I'm not planning to send him to the party in a princess dress, I just know he will want to wear it, as I know that ds1 will want to wear his top with the roaring hippo on it. It's what they're into.

OP posts:
Mumsyblouse · 16/11/2013 20:39

I think the school should use this as an opportunity to teach about respecting other's choices- that's how my dd's school did it, and certainly there were many children who could have been teased but in the main weren't say ages 5-8. However, there is a limit, even within a very tolerant and active school within this in that they can't control what the other children say and most children will end up experiencing the odd comment if they do something outside of social norms, so my dd got a comment about wearing a babyish hat this week (she's 8). Not nice but not worth going in over for me at least.

lecce · 16/11/2013 20:40

Do hippos roar? Maybe it's yawning...

OP posts:
MrsDeVere · 16/11/2013 20:44

This reply has been deleted

Message withdrawn at poster's request.

Pearlsaplenty · 16/11/2013 20:48

Op yanbu the school should definitely have said something to the children who were teasing. And the school should've phoned you when he was cold so you could've brought in warm clothes. Is is only 4, so they should have noticed this was a problem and phoned you.

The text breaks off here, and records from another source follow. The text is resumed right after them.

lemma sum_arrowings_prod:
  fixes f :: "nat \<Rightarrow> nat \<Rightarrow> arrow \<Rightarrow> 'a::comm_semiring_1"
  shows "(\<Sum>d\<in>arrowings n m. \<Prod>(i, j)\<in>triangle_index n. f i j (d i j))
       = (\<Prod>(i, j)\<in>triangle_index n. \<Sum>a\<in>allowed_arrows m i j. f i j a)"
proof -
  let ?I = "triangle_index n" and ?A = "\<lambda>(i, j). allowed_arrows m i j"
  have "(\<Sum>d\<in>arrowings n m. \<Prod>(i, j)\<in>?I. f i j (d i j)) = (\<Sum>e\<in>PiE ?I ?A. \<Prod>(i, j)\<in>?I. f i j (e (i, j)))"
  proof (rule sum.reindex_bij_witness[of _ "\<lambda>e i j. if (i, j) \<in> ?I then e (i, j) else NWNE"
                                           "\<lambda>d p. if p \<in> ?I then case_prod d p else undefined"])
    fix d assume d: "d \<in> arrowings n m"
    then show "(\<lambda>i j. if (i, j) \<in> ?I then (if (i, j) \<in> ?I then case_prod d (i, j) else undefined) else NWNE) = d"
      unfolding arrowings_eq by (auto intro!: ext)
    show "(\<lambda>p. if p \<in> ?I then case_prod d p else undefined) \<in> PiE ?I ?A"
      using d unfolding arrowings_eq PiE_def extensional_def by auto
    show "(\<Prod>(i, j)\<in>?I. f i j ((\<lambda>p. if p \<in> ?I then case_prod d p else undefined) (i, j)))
        = (\<Prod>(i, j)\<in>?I. f i j (d i j))"
      by (intro prod.cong) auto
  next
    fix e assume e: "e \<in> PiE ?I ?A"
    then show "(\<lambda>p. if p \<in> ?I then case_prod (\<lambda>i j. if (i, j) \<in> ?I then e (i, j) else NWNE) p else undefined) = e"
      unfolding PiE_def extensional_def by (auto intro!: ext)
    show "(\<lambda>i j. if (i, j) \<in> ?I then e (i, j) else NWNE) \<in> arrowings n m"
      using e unfolding arrowings_eq PiE_def by auto
  qed
  also have "\<dots> = (\<Prod>p\<in>?I. \<Sum>a\<in>?A p. f (fst p) (snd p) a)"
    by (subst prod_sum_PiE) (auto simp: case_prod_beta)
  finally show ?thesis by (simp add: case_prod_beta)
qed

lemma sum_allowed_arrow_weight:
  assumes "2 \<le> j \<Longrightarrow> j + 1 \<le> i \<Longrightarrow> m (i-1) (j-1) < m (i-1) j"
  shows "(\<Sum>a\<in>allowed_arrows m i j. arrow_weight u v w x a) =
           (if 2 \<le> j \<and> m i j = m (i-1) (j-1) then u * x
            else if j + 1 \<le> i \<and> m i j = m (i-1) j then v * inverse x
            else u * x + v * inverse x + w)"
proof -
  consider "2 \<le> j \<and> m i j = m (i-1) (j-1)" "\<not> (j + 1 \<le> i \<and> m i j = m (i-1) j)"
    | "\<not> (2 \<le> j \<and> m i j = m (i-1) (j-1))" "j + 1 \<le> i \<and> m i j = m (i-1) j"
    | "\<not> (2 \<le> j \<and> m i j = m (i-1) (j-1))" "\<not> (j + 1 \<le> i \<and> m i j = m (i-1) j)"
    using assms by fastforce
  then show ?thesis
  proof cases
    case 1
    then have "allowed_arrows m i j = {NE}" unfolding allowed_arrows_def by auto
    then show ?thesis unfolding if_P[OF 1(1)] by (simp add: arrow_weight_def)
  next
    case 2
    then have "allowed_arrows m i j = {NW}" unfolding allowed_arrows_def by auto
    then show ?thesis unfolding if_not_P[OF 2(1)] if_P[OF 2(2)] by (simp add: arrow_weight_def)
  next
    case 3
    then have "allowed_arrows m i j = {NW, NE, NWNE}"
      unfolding allowed_arrows_def by (auto simp: UNIV_arrow[symmetric])
    then show ?thesis unfolding if_not_P[OF 3(1)] if_not_P[OF 3(2)] by (simp add: arrow_weight_def ac_simps)
  qed
qed

lemma card_forced_NE_row:
  assumes "1 \<le> i"
  shows "card {j\<in>{1..i}. 2 \<le> j \<and> m i j = m (i-1) (j-1)} = right_count m (i-1)"
proof -
  have "{j\<in>{1..i}. 2 \<le> j \<and> m i j = m (i-1) (j-1)} = Suc ` {k. 1 \<le> k \<and> k \<le> i - 1 \<and> m (i-1) k = m (i-1+1) (k+1)}"
  proof (intro equalityI subsetI)
    fix j assume "j \<in> {j\<in>{1..i}. 2 \<le> j \<and> m i j = m (i-1) (j-1)}"
    then show "j \<in> Suc ` {k. 1 \<le> k \<and> k \<le> i - 1 \<and> m (i-1) k = m (i-1+1) (k+1)}"
      using assms by (intro image_eqI[of _ _ "j - 1"]) auto
  qed (use assms in auto)
  then show ?thesis unfolding right_count_def by (simp add: card_image)
qed

lemma card_forced_NW_row:
  assumes "1 \<le> i"
  shows "card {j\<in>{1..i}. j + 1 \<le> i \<and> m i j = m (i-1) j} = left_count m (i-1)"
  unfolding left_count_def using assms by (intro arg_cong[where f = card]) auto

lemma special_left_right_count_sum:
  assumes M: "monotone_triangle n m" and "k < n"
  shows "special_count m k + left_count m k + right_count m k = k"
proof -
  have "card {j\<in>{1..k}. m (k+1) j < m k j \<and> m k j < m (k+1) (j+1)} + card {j\<in>{1..k}. m k j = m (k+1) j}
      + card {j\<in>{1..k}. m k j = m (k+1) (j+1)} = card {1..k}"
  proof (rule card_partition3)
    fix j assume j: "j \<in> {1..k}"
    have "m (k+1) j \<le> m k j" "m k j \<le> m (k+1) (j+1)"
      using monotone_triangle_interlacing[OF M] j \<open>k < n\<close> by auto
    moreover have "m (k+1) j < m (k+1) (j+1)"
      using monotone_triangle_row_strict[OF M] j \<open>k < n\<close> by auto
    ultimately show "(m (k+1) j < m k j \<and> m k j < m (k+1) (j+1) \<or> m k j = m (k+1) j \<or> m k j = m (k+1) (j+1)) \<and>
      \<not> ((m (k+1) j < m k j \<and> m k j < m (k+1) (j+1)) \<and> m k j = m (k+1) j) \<and>
      \<not> ((m (k+1) j < m k j \<and> m k j < m (k+1) (j+1)) \<and> m k j = m (k+1) (j+1)) \<and>
      \<not> (m k j = m (k+1) j \<and> m k j = m (k+1) (j+1))" by auto
  qed simp
  then show ?thesis
    unfolding special_count_def left_count_def right_count_def
    by (simp add: conj_assoc atLeastAtMost_iff)
qed

lemma prod_row_sum_allowed_arrow_weight:
  fixes u v w x :: "'a::field"
  assumes M: "monotone_triangle n m" and i: "1 \<le> i" "i \<le> n"
  shows "(\<Prod>j = 1..i. \<Sum>a\<in>allowed_arrows m i j. arrow_weight u v w x a)
       = (u * x) ^ right_count m (i-1) * (v * inverse x) ^ left_count m (i-1)
         * (u * x + v * inverse x + w) ^ (special_count m (i-1) + 1)"
proof -
  define P where "P j \<longleftrightarrow> 2 \<le> j \<and> m i j = m (i-1) (j-1)" for j
  define Q where "Q j \<longleftrightarrow> j + 1 \<le> i \<and> m i j = m (i-1) j" for j
  have strict: "m (i-1) (j-1) < m (i-1) j" if "2 \<le> j" "j + 1 \<le> i" for j
    using monotone_triangle_row_strict[OF M, of "j-1" "i-1"] that i by simp
  have PQ: "\<not> (P j \<and> Q j)" for j
    using strict[of j] unfolding P_def Q_def by auto
  have "(\<Prod>j = 1..i. \<Sum>a\<in>allowed_arrows m i j. arrow_weight u v w x a)
      = (\<Prod>j = 1..i. if P j then u * x else if Q j then v * inverse x else u * x + v * inverse x + w)"
    unfolding P_def Q_def by (intro prod.cong refl sum_allowed_arrow_weight strict)
  also have "\<dots> = (u * x) ^ card {j\<in>{1..i}. P j} * (v * inverse x) ^ card {j\<in>{1..i}. Q j}
      * (u * x + v * inverse x + w) ^ card {j\<in>{1..i}. \<not> P j \<and> \<not> Q j}"
    using PQ by (intro prod_if3_eq_powers) auto
  also have "card {j\<in>{1..i}. \<not> P j \<and> \<not> Q j} = special_count m (i-1) + 1"
  proof -
    have "card {j\<in>{1..i}. P j} + card {j\<in>{1..i}. Q j} + card {j\<in>{1..i}. \<not> P j \<and> \<not> Q j} = i"
      using PQ by (subst card_partition3) auto
    moreover have "special_count m (i-1) + left_count m (i-1) + right_count m (i-1) = i - 1"
      using i by (intro special_left_right_count_sum[OF M]) auto
    ultimately show ?thesis
      using card_forced_NE_row[OF i(1), of m] card_forced_NW_row[OF i(1), of m] i unfolding P_def Q_def by linarith
  qed
  finally show ?thesis
    using card_forced_NE_row[OF i(1), of m] card_forced_NW_row[OF i(1), of m] unfolding P_def Q_def by simp
qed

lemma W0_eq_prod_rows:
  fixes u v w :: "'a::field"
  assumes "\<forall>i\<in>{1..n}. X i \<noteq> 0"
  shows "(\<Prod>i = 1..n. u * X i + v * inverse (X i) + w) * W0 u v w X n m
       = (\<Prod>i = 1..n. X i powi (row_sum m i - row_sum m (i-1)) *
            ((u * X i) ^ right_count m (i-1) * (v * inverse (X i)) ^ left_count m (i-1)
             * (u * X i + v * inverse (X i) + w) ^ (special_count m (i-1) + 1)))"
proof -
  let ?S = "\<lambda>i. u * X i + v * inverse (X i) + w"
  have zero: "right_count m 0 = 0" "left_count m 0 = 0"
    unfolding right_count_def left_count_def by simp_all
  have uv: "u ^ (\<Sum>i = 1..<n. right_count m i) = (\<Prod>i = 1..n. u ^ right_count m (i-1))"
       "v ^ (\<Sum>i = 1..<n. left_count m i) = (\<Prod>i = 1..n. v ^ left_count m (i-1))"
    by (simp_all only: power_sum sum_shift_pred[symmetric] zero)
  have d_exp: "X i powi d_exp m i = X i powi (row_sum m i - row_sum m (i-1)) *
      (X i ^ right_count m (i-1) * inverse (X i) ^ left_count m (i-1))" if "i \<in> {1..n}" for i
    using assms that unfolding d_exp_def
    by (simp add: power_int_add power_int_diff divide_inverse power_inverse)
  have "(\<Prod>i = 1..n. ?S i) * W0 u v w X n m
      = (\<Prod>i = 1..n. ?S i * (u ^ right_count m (i-1) * (v ^ left_count m (i-1) *
           (X i powi d_exp m i * ?S i ^ special_count m (i-1)))))"
    unfolding W0_def uv prod.distrib by (simp add: mult_ac add_ac)
  also have "\<dots> = (\<Prod>i = 1..n. X i powi (row_sum m i - row_sum m (i-1)) *
            ((u * X i) ^ right_count m (i-1) * (v * inverse (X i)) ^ left_count m (i-1)
             * ?S i ^ (special_count m (i-1) + 1)))"
    by (intro prod.cong refl) (simp add: d_exp power_mult_distrib mult_ac)
  finally show ?thesis .
qed

text \<open>The hypothesis that the bottom row is strictly increasing is already part of
  \<^const>\<open>monotone_triangle\<close>.\<close>

theorem mainTheorem7:
  fixes u v w :: "'a::field" and X :: "nat \<Rightarrow> 'a" and n :: nat and m :: "nat \<Rightarrow> nat \<Rightarrow> int"
  assumes "\<forall>i\<in>{1..n}. X i \<noteq> 0"
    and "monotone_triangle n m"
    and "\<forall>j. 1 \<le> j \<and> j < n \<longrightarrow> m n j < m n (j+1)"
  shows "(\<Sum>d\<in>arrowings n m. W u v w X n m d)
           = (\<Prod>i = 1..n. u * X i + v * inverse (X i) + w) * W0 u v w X n m"
proof -
  let ?C = "\<Prod>i = 1..n. X i powi (row_sum m i - row_sum m (i-1))"
  have "(\<Sum>d\<in>arrowings n m. W u v w X n m d)
      = ?C * (\<Sum>d\<in>arrowings n m. \<Prod>(i, j)\<in>triangle_index n. arrow_weight u v w (X i) (d i j))"
    using W_eq_prod_arrow_weight[OF assms(1)] by (simp add: sum_distrib_left)
  also have "\<dots> = ?C * (\<Prod>i = 1..n. \<Prod>j = 1..i. \<Sum>a\<in>allowed_arrows m i j. arrow_weight u v w (X i) a)"
    unfolding sum_arrowings_prod[of "\<lambda>i j. arrow_weight u v w (X i)"]
    by (simp add: triangle_index_Sigma prod.Sigma)
  also have "\<dots> = (\<Prod>i = 1..n. X i powi (row_sum m i - row_sum m (i-1)) *
            ((u * X i) ^ right_count m (i-1) * (v * inverse (X i)) ^ left_count m (i-1)
             * (u * X i + v * inverse (X i) + w) ^ (special_count m (i-1) + 1)))"
    unfolding prod.distrib[symmetric]
    by (intro prod.cong refl arg_cong2[where f = "(*)"] prod_row_sum_allowed_arrow_weight[OF assms(2)]) auto
  also have "\<dots> = (\<Prod>i = 1..n. u * X i + v * inverse (X i) + w) * W0 u v w X n m"
    using W0_eq_prod_rows[OF assms(1)] by simp
  finally show ?thesis .
qed

end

About the princess dress, I don't understand why you won't remind him about what happened with the onesie in an attempt to get him to wear something different. I wouldn't be comfortable sending my ds in a princess dress if I knew there was a good chance he would be teased again. You are going to discuss this with him aren't you?

lecce · 16/11/2013 20:51

Yes, of course I am. I really don't think it'll change his mind, though. He doesn't seem to care what people think and, as someone who has wasted a lot of time worrying about what others think, I see this as a good thing to be encouraged.

I would think it fair to say this incident has upset me more than him. His account of it was matter-of-fact.